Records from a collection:
- - -
lemma rho_eq_push_coeffs:
  assumes N: "N \<ge> 1" and L: "L \<ge> 1" and dvd: "int N * int L dvd M - int n"
    and v: "v \<in> Vsp N L M n d"
  shows "rho M n v = push_coeffs (\<lambda>ks. cat_vac ks (M - int n)) {ks. fin_basis N L M n d ks} v"
proof
  fix b
  let ?B = "{ks. fin_basis N L M n d ks}"
  have v': "v \<in> finsupp_on ?B" using v by (simp add: Vsp_eq_finsupp_on)
  have "swedge (cat_vac ks (M - int n)) = (\<lambda>b. if b = cat_vac ks (M - int n) then 1 else 0)"
    if "ks \<in> ?B" for ks
  proof -
    have fb: "fin_basis N L M n d ks" using that by simp
    have "\<forall>k\<in>set ks. M - int n < k" using fin_basis_gt[OF N L dvd fb] by blast
    with fb show ?thesis
      by (intro swedge_strict_dec cat_vac_strict_dec) (simp_all add: fin_basis_def)
  qed
  then show "rho M n v b = push_coeffs (\<lambda>ks. cat_vac ks (M - int n)) ?B v b"
    using v' sum_indicator_eq_push_coeffs[OF inj_on_cat_vac_fin_basis v'] unfolding rho_def
    by (auto simp: finsupp_on_def intro!: sum.cong)
qed

theorem proposition3p3:
  fixes N L s l d :: nat and M :: int
  assumes "N \<ge> 2" and "L \<ge> 2"
    and "s < N * L" and "[M = int s] (mod int (N * L))"
    and "d \<le> l"
  shows "(\<forall>v \<in> Vsp N L M (s + l * N * L) (int d).
            rho M (s + l * N * L) v \<in> Fsp N L M (int d))
       \<and> (\<forall>a v w. v \<in> Vsp N L M (s + l * N * L) (int d) \<longrightarrow> w \<in> Vsp N L M (s + l * N * L) (int d) \<longrightarrow>
            rho M (s + l * N * L) (\<lambda>x. a * v x + w x)
              = (\<lambda>b. a * rho M (s + l * N * L) v b + rho M (s + l * N * L) w b))
       \<and> bij_betw (rho M (s + l * N * L)) (Vsp N L M (s + l * N * L) (int d)) (Fsp N L M (int d))"
proof -
  define n where "n = s + l * N * L"
  define e where "e = (\<lambda>ks. cat_vac ks (M - int n))"
  define B where "B = {ks. fin_basis N L M n (int d) ks}"
  have N: "N \<ge> 1" and L: "L \<ge> 1" using assms(1,2) by simp_all
  have dvd: "int N * int L dvd M - int s" using assms(4) by (simp add: cong_iff_dvd_diff)
  have inj: "inj_on e B"
    unfolding e_def B_def by (rule inj_on_cat_vac_fin_basis)
  have V: "Vsp N L M n (int d) = finsupp_on B" by (simp add: Vsp_eq_finsupp_on B_def)
  have F: "Fsp N L M (int d) = finsupp_on (e ` B)"
    using cat_vac_image_fin_basis[OF N L dvd, of "int d" l] assms(5)
    by (simp add: Fsp_eq_finsupp_on e_def B_def n_def)
  have dvd_n: "int N * int L dvd M - int n" unfolding n_def by (rule dvd_diff_add_mult[OF dvd])
  have rho: "rho M n v = push_coeffs e B v" if "v \<in> finsupp_on B" for v
    using rho_eq_push_coeffs[OF N L dvd_n, of v "int d"] that by (simp add: V e_def B_def)
  have lin: "rho M n (\<lambda>x. a * v x + w x) = (\<lambda>b. a * rho M n v b + rho M n w b)"
    if "v \<in> finsupp_on B" "w \<in> finsupp_on B" for a v w
    using that by (simp add: rho finsupp_on_lincomb push_coeffs_lincomb)
  have "bij_betw (rho M n) (finsupp_on B) (finsupp_on (e ` B))"
    using bij_betw_cong[of _ "rho M n" "push_coeffs e B"] rho bij_betw_push_coeffs[OF inj] by blast
  then show ?thesis
    unfolding n_def[symmetric] V F using rho push_coeffs_in_finsupp_on[OF inj] lin by auto
qed

end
- - -
(Your goal)
Which lines run from the one holding "define e where" through the one holding "(rule dvd_diff_add_mult[OF dvd])" in the records above? Repeat them exactly, both included, and nothing more.

(Solution to this task)
  define e where "e = (\<lambda>ks. cat_vac ks (M - int n))"
  define B where "B = {ks. fin_basis N L M n (int d) ks}"
  have N: "N \<ge> 1" and L: "L \<ge> 1" using assms(1,2) by simp_all
  have dvd: "int N * int L dvd M - int s" using assms(4) by (simp add: cong_iff_dvd_diff)
  have inj: "inj_on e B"
    unfolding e_def B_def by (rule inj_on_cat_vac_fin_basis)
  have V: "Vsp N L M n (int d) = finsupp_on B" by (simp add: Vsp_eq_finsupp_on B_def)
  have F: "Fsp N L M (int d) = finsupp_on (e ` B)"
    using cat_vac_image_fin_basis[OF N L dvd, of "int d" l] assms(5)
    by (simp add: Fsp_eq_finsupp_on e_def B_def n_def)
  have dvd_n: "int N * int L dvd M - int n" unfolding n_def by (rule dvd_diff_add_mult[OF dvd])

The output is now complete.